* WHAT TO PRODUCE *
Copy word for word, please, the lines of the entries below running from the one containing "by (intro integrable_bounded_mult[OF real_cond_exp_int(1)" to the one containing "using integrable_bounded_mult[OF integrable_const[of 1] \<open>G", both ends included.

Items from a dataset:
- - - - - - -

lemma integral_mult_increment_eq_0:
  assumes "s < n" "G \<in> borel_measurable (F s)" "AE \<omega> in M. \<bar>G \<omega>\<bar> \<le> K"
  shows "(\<integral>\<omega>. G \<omega> * (X (Suc s) \<omega> - X s \<omega>) \<partial>M) = 0"
proof -
  interpret sigma_finite_subalgebra M "F s"
    using assms(1) sigma_finite_subalgebra_F by simp
  have G_M [measurable]: "G \<in> borel_measurable M"
    using assms(1,2) measurable_F_M by (meson less_imp_le)
  have [measurable]: "X s \<in> borel_measurable M"
    using assms(1) X_measurable by simp
  have integrable: "integrable M (\<lambda>\<omega>. G \<omega> * X t \<omega>)" if "t \<le> n" for t
    using integrable_bounded_mult[OF integrable_X[OF that] G_M assms(3)] .
  have "(\<integral>\<omega>. G \<omega> * X (Suc s) \<omega> \<partial>M) = (\<integral>\<omega>. G \<omega> * real_cond_exp M (F s) (X (Suc s)) \<omega> \<partial>M)"
    using assms(1,2) by (intro real_cond_exp_intg(2)[symmetric] integrable X_measurable) auto
  also have "\<dots> = (\<integral>\<omega>. G \<omega> * X s \<omega> \<partial>M)"
    using cond_exp_X_Suc[OF assms(1)] by (intro integral_cong_AE) (auto elim!: eventually_mono)
  finally show ?thesis
    using assms(1) integrable[of s] integrable[of "Suc s"] by (simp add: right_diff_distrib)
qed

lemma integrable_square_increment:
  "Suc s \<le> n \<Longrightarrow> integrable M (\<lambda>\<omega>. (X (Suc s) \<omega> - X s \<omega>)\<^sup>2)"
  by (intro integrable_square_diff integrable_X_square X_measurable) auto

lemma integral_mult_square_increment:
  assumes "s < n" "G \<in> borel_measurable (F s)" "AE \<omega> in M. \<bar>G \<omega>\<bar> \<le> K"
  shows "(\<integral>\<omega>. G \<omega> * (X (Suc s) \<omega> - X s \<omega>)\<^sup>2 \<partial>M) =
    (\<integral>\<omega>. G \<omega> * real_cond_exp M (F s) (\<lambda>\<eta>. (X (Suc s) \<eta> - X s \<eta>)\<^sup>2) \<omega> \<partial>M)"
proof -
  interpret sigma_finite_subalgebra M "F s"
    using assms(1) sigma_finite_subalgebra_F by simp
  have "G \<in> borel_measurable M"
    using assms(1,2) measurable_F_M by (meson less_imp_le)
  moreover have [measurable]: "X s \<in> borel_measurable M" "X (Suc s) \<in> borel_measurable M"
    using assms(1) X_measurable by simp_all
  ultimately show ?thesis
    using assms integrable_bounded_mult[OF integrable_square_increment]
    by (intro real_cond_exp_intg(2)[symmetric]) auto
qed

definition exp_supermartingale :: "real \<Rightarrow> nat \<Rightarrow> 'a \<Rightarrow> real" where
  "exp_supermartingale l t \<omega> = exp (l * X t \<omega> - l\<^sup>2 / 2 * (cond_var M F X t \<omega> + quad_var X t \<omega>))"

lemma exp_supermartingale_pos: "0 < exp_supermartingale l t \<omega>"
  by (simp add: exp_supermartingale_def)

lemma exp_supermartingale_0: "\<omega> \<in> space M \<Longrightarrow> exp_supermartingale l 0 \<omega> = 1"
  using start_zero by (simp add: exp_supermartingale_def cond_var_def quad_var_def)

lemma exp_supermartingale_measurable_F: "t \<le> n \<Longrightarrow> exp_supermartingale l t \<in> borel_measurable (F t)"
  unfolding exp_supermartingale_def
  using X_measurable_F[of t t] cond_var_measurable_F[of t] quad_var_measurable_F[of t] by measurable

lemma exp_supermartingale_measurable: "t \<le> n \<Longrightarrow> exp_supermartingale l t \<in> borel_measurable M"
  using exp_supermartingale_measurable_F measurable_F_M by blast

text \<open>The quadratic variation term makes the exponential process bounded, which settles all
  integrability questions.\<close>
lemma exponent_quad_var_le:
  "\<omega> \<in> space M \<Longrightarrow> l * X t \<omega> - l\<^sup>2 / 2 * quad_var X t \<omega> \<le> real t / 2"
proof (induction t)
  case 0
  then show ?case
    using start_zero by (simp add: quad_var_def)
next
  case (Suc t)
  define y where "y = l * (X (Suc t) \<omega> - X t \<omega>)"
  have "y - y\<^sup>2 / 2 \<le> 1 / 2"
    by (rule diff_half_square_le)
  moreover have "l * X (Suc t) \<omega> - l\<^sup>2 / 2 * quad_var X (Suc t) \<omega>
      = (l * X t \<omega> - l\<^sup>2 / 2 * quad_var X t \<omega>) + (y - y\<^sup>2 / 2)"
    unfolding quad_var_Suc y_def power2_eq_square by (simp add: field_simps)
  ultimately show ?case
    using Suc by simp
qed

lemma exp_supermartingale_bounded:
  assumes "t \<le> n"
  shows "AE \<omega> in M. \<bar>exp_supermartingale l t \<omega>\<bar> \<le> exp (real t / 2)"
  using cond_var_nonneg[OF assms] AE_space
proof eventually_elim
  case (elim \<omega>)
  then have "l * X t \<omega> - l\<^sup>2 / 2 * (cond_var M F X t \<omega> + quad_var X t \<omega>)
      \<le> l * X t \<omega> - l\<^sup>2 / 2 * quad_var X t \<omega>"
    by (simp add: algebra_simps)
  also have "\<dots> \<le> real t / 2"
    using exponent_quad_var_le elim by blast
  finally show ?case
    using exp_supermartingale_pos[of l t \<omega>] by (simp add: exp_supermartingale_def)
qed

lemma integrable_exp_supermartingale: "t \<le> n \<Longrightarrow> integrable M (exp_supermartingale l t)"
  by (rule integrable_const_bound[OF _ exp_supermartingale_measurable])
    (use exp_supermartingale_bounded in auto)

lemma exp_supermartingale_Suc:
  "exp_supermartingale l (Suc t) \<omega> = exp_supermartingale l t \<omega>
    * exp (- (l\<^sup>2 / 2) * real_cond_exp M (F t) (\<lambda>\<eta>. (X (Suc t) \<eta> - X t \<eta>)\<^sup>2) \<omega>)
    * exp (l * (X (Suc t) \<omega> - X t \<omega>) - (l * (X (Suc t) \<omega> - X t \<omega>))\<^sup>2 / 2)"
  unfolding exp_supermartingale_def cond_var_Suc quad_var_Suc mult_exp_exp
  by (rule arg_cong[where f=exp]) (simp add: field_simps power2_eq_square)

lemma integral_mult_exp_increment_le:
  fixes G :: "'a \<Rightarrow> real" and s :: nat
  defines "D \<equiv> \<lambda>\<omega>. X (Suc s) \<omega> - X s \<omega>"
  assumes "s < n" "G \<in> borel_measurable (F s)" "AE \<omega> in M. \<bar>G \<omega>\<bar> \<le> K" "\<And>\<omega>. 0 \<le> G \<omega>"
  shows "(\<integral>\<omega>. G \<omega> * exp (l * D \<omega> - (l * D \<omega>)\<^sup>2 / 2) \<partial>M) \<le>
    (\<integral>\<omega>. G \<omega> + l\<^sup>2 / 2 * (G \<omega> * real_cond_exp M (F s) (\<lambda>\<eta>. (D \<eta>)\<^sup>2) \<omega>) \<partial>M)"
proof -
  interpret sigma_finite_subalgebra M "F s"
    using assms(2) sigma_finite_subalgebra_F by simp
  have s_le: "s \<le> n" "Suc s \<le> n"
    using assms(2) by auto
  have [measurable]: "X s \<in> borel_measurable M" "X (Suc s) \<in> borel_measurable M"
    using s_le X_measurable by auto
  have G_M [measurable]: "G \<in> borel_measurable M"
    using measurable_F_M[OF s_le(1) assms(3)] .
  have integrable_G: "integrable M G"
    using integrable_bounded_mult[OF integrable_const[of 1] G_M assms(4)] by simp
  have integrable_GD: "integrable M (\<lambda>\<omega>. G \<omega> * D \<omega>)"
    unfolding D_def using s_le integrable_X
    by (intro integrable_bounded_mult[OF _ G_M assms(4)]) auto
  have integrable_GD2: "integrable M (\<lambda>\<omega>. G \<omega> * (D \<omega>)\<^sup>2)"
    unfolding D_def using integrable_square_increment[OF s_le(2)]
    by (rule integrable_bounded_mult[OF _ G_M assms(4)])
  have E_bounded: "AE \<omega> in M. \<bar>exp (l * D \<omega> - (l * D \<omega>)\<^sup>2 / 2)\<bar> \<le> exp (1 / 2)"
    using diff_half_square_le by (intro AE_I2) simp
  have "(\<lambda>\<omega>. exp (l * D \<omega> - (l * D \<omega>)\<^sup>2 / 2)) \<in> borel_measurable M"
    unfolding D_def by measurable
  from integrable_bounded_mult[OF integrable_G this E_bounded]
  have integrable_GE: "integrable M (\<lambda>\<omega>. G \<omega> * exp (l * D \<omega> - (l * D \<omega>)\<^sup>2 / 2))"
    by (simp add: mult.commute)
  have "(\<integral>\<omega>. G \<omega> * exp (l * D \<omega> - (l * D \<omega>)\<^sup>2 / 2) \<partial>M)
      \<le> (\<integral>\<omega>. G \<omega> + l * (G \<omega> * D \<omega>) + l\<^sup>2 / 2 * (G \<omega> * (D \<omega>)\<^sup>2) \<partial>M)"
  proof (rule integral_mono[OF integrable_GE])
    show "integrable M (\<lambda>\<omega>. G \<omega> + l * (G \<omega> * D \<omega>) + l\<^sup>2 / 2 * (G \<omega> * (D \<omega>)\<^sup>2))"
      using integrable_G integrable_GD integrable_GD2 by auto
    fix \<omega>
    have "G \<omega> * exp (l * D \<omega> - (l * D \<omega>)\<^sup>2 / 2) \<le> G \<omega> * (1 + l * D \<omega> + (l * D \<omega>)\<^sup>2 / 2)"
      using assms(5) by (intro mult_left_mono exp_minus_half_square_le)
    then show "G \<omega> * exp (l * D \<omega> - (l * D \<omega>)\<^sup>2 / 2) \<le> G \<omega> + l * (G \<omega> * D \<omega>) + l\<^sup>2 / 2 * (G \<omega> * (D \<omega>)\<^sup>2)"
      by (simp add: algebra_simps power2_eq_square)
  qed
  also have "\<dots> = (\<integral>\<omega>. G \<omega> \<partial>M) + l * (\<integral>\<omega>. G \<omega> * D \<omega> \<partial>M) + l\<^sup>2 / 2 * (\<integral>\<omega>. G \<omega> * (D \<omega>)\<^sup>2 \<partial>M)"
    using integrable_G integrable_GD integrable_GD2 by simp
  also have "\<dots> = (\<integral>\<omega>. G \<omega> + l\<^sup>2 / 2 * (G \<omega> * real_cond_exp M (F s) (\<lambda>\<eta>. (D \<eta>)\<^sup>2) \<omega>) \<partial>M)"
    using integral_mult_increment_eq_0[OF assms(2-4)] integral_mult_square_increment[OF assms(2-4)]
      integrable_G integrable_bounded_mult[OF real_cond_exp_int(1)[OF integrable_square_increment] G_M assms(4)] s_le
    unfolding D_def by simp
  finally show ?thesis .
qed

lemma exp_supermartingale_step:
  assumes "s < n" "B \<in> sets (F s)"
  shows "(\<integral>\<omega>. exp_supermartingale l (Suc s) \<omega> * indicator B \<omega> \<partial>M)
    \<le> (\<integral>\<omega>. exp_supermartingale l s \<omega> * indicator B \<omega> \<partial>M)"
proof -
  let ?W = "exp_supermartingale l"
  define D where "D \<omega> = X (Suc s) \<omega> - X s \<omega>" for \<omega>
  define C where "C = real_cond_exp M (F s) (\<lambda>\<eta>. (D \<eta>)\<^sup>2)"
  define G where "G \<omega> = ?W s \<omega> * indicator B \<omega> * exp (- (l\<^sup>2 / 2) * C \<omega>)" for \<omega>
  interpret sigma_finite_subalgebra M "F s"
    using assms(1) sigma_finite_subalgebra_F by simp
  have s_le: "s \<le> n" "Suc s \<le> n"
    using assms(1) by auto
  have B_M: "B \<in> sets M"
    using assms(2) subalgebra_F[OF s_le(1)] by (auto simp: subalgebra_def)
  have G_F: "G \<in> borel_measurable (F s)"
    unfolding G_def C_def using exp_supermartingale_measurable_F[OF s_le(1)] assms(2) by measurable
  have G_nonneg: "0 \<le> G \<omega>" for \<omega>
    unfolding G_def using exp_supermartingale_pos[of l s \<omega>] by simp
  have C_nonneg: "AE \<omega> in M. 0 \<le> C \<omega>"
    unfolding C_def D_def using s_le X_measurable by (intro real_cond_exp_pos) auto
  have G_bounded: "AE \<omega> in M. \<bar>G \<omega>\<bar> \<le> exp (real s / 2)"
    using C_nonneg exp_supermartingale_bounded[OF s_le(1), of l]
  proof eventually_elim
    case (elim \<omega>)
    have "G \<omega> \<le> ?W s \<omega> * 1 * 1"
      unfolding G_def using elim exp_supermartingale_pos[of l s \<omega>]
      by (intro mult_mono) (auto simp: indicator_def)
    then show ?case
      using G_nonneg[of \<omega>] elim by simp
  qed
  have "?W (Suc s) \<omega> * indicator B \<omega> = G \<omega> * exp (l * D \<omega> - (l * D \<omega>)\<^sup>2 / 2)" for \<omega>
    unfolding G_def C_def D_def exp_supermartingale_Suc by (simp add: mult_ac)
  then have "(\<integral>\<omega>. ?W (Suc s) \<omega> * indicator B \<omega> \<partial>M) \<le> (\<integral>\<omega>. G \<omega> + l\<^sup>2 / 2 * (G \<omega> * C \<omega>) \<partial>M)"
    using integral_mult_exp_increment_le[OF assms(1) G_F G_bounded G_nonneg] by (simp add: C_def D_def)
  also have "\<dots> \<le> (\<integral>\<omega>. ?W s \<omega> * indicator B \<omega> \<partial>M)"
  proof (rule integral_mono)
    have "G \<in> borel_measurable M"
      using measurable_F_M[OF s_le(1) G_F] .
    then have "integrable M (\<lambda>\<omega>. G \<omega> * C \<omega>)"
      unfolding C_def D_def using integrable_square_increment[OF s_le(2)]
      by (intro integrable_bounded_mult[OF real_cond_exp_int(1) _ G_bounded])
    moreover have "integrable M G"
      using integrable_bounded_mult[OF integrable_const[of 1] \<open>G \<in> borel_measurable M\<close> G_bounded] by simp
    ultimately show "integrable M (\<lambda>\<omega>. G \<omega> + l\<^sup>2 / 2 * (G \<omega> * C \<omega>))"
      by simp
    show "integrable M (\<lambda>\<omega>. ?W s \<omega> * indicator B \<omega>)"
      using B_M integrable_exp_supermartingale[OF s_le(1)] by (rule integrable_real_mult_indicator)
    fix \<omega>
    define u where "u = l\<^sup>2 / 2 * C \<omega>"
    have "exp (- u) * (1 + u) \<le> exp (- u) * exp u"
      by (intro mult_left_mono exp_ge_add_one_self) simp
    then have "exp (- u) * (1 + u) \<le> 1"
      by (simp add: exp_minus field_simps)
    then have "?W s \<omega> * indicator B \<omega> * (exp (- u) * (1 + u)) \<le> ?W s \<omega> * indicator B \<omega>"
      using exp_supermartingale_pos[of l s \<omega>] by (intro mult_left_le) auto
    then show "G \<omega> + l\<^sup>2 / 2 * (G \<omega> * C \<omega>) \<le> ?W s \<omega> * indicator B \<omega>"
      unfolding G_def u_def by (simp add: algebra_simps)
  qed
  finally show ?thesis .
qed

- - - - - - -

* REPLY TO THE EXERCISE *
      by (intro integrable_bounded_mult[OF real_cond_exp_int(1) _ G_bounded])
    moreover have "integrable M G"
      using integrable_bounded_mult[OF integrable_const[of 1] \<open>G \<in> borel_measurable M\<close> G_bounded] by simp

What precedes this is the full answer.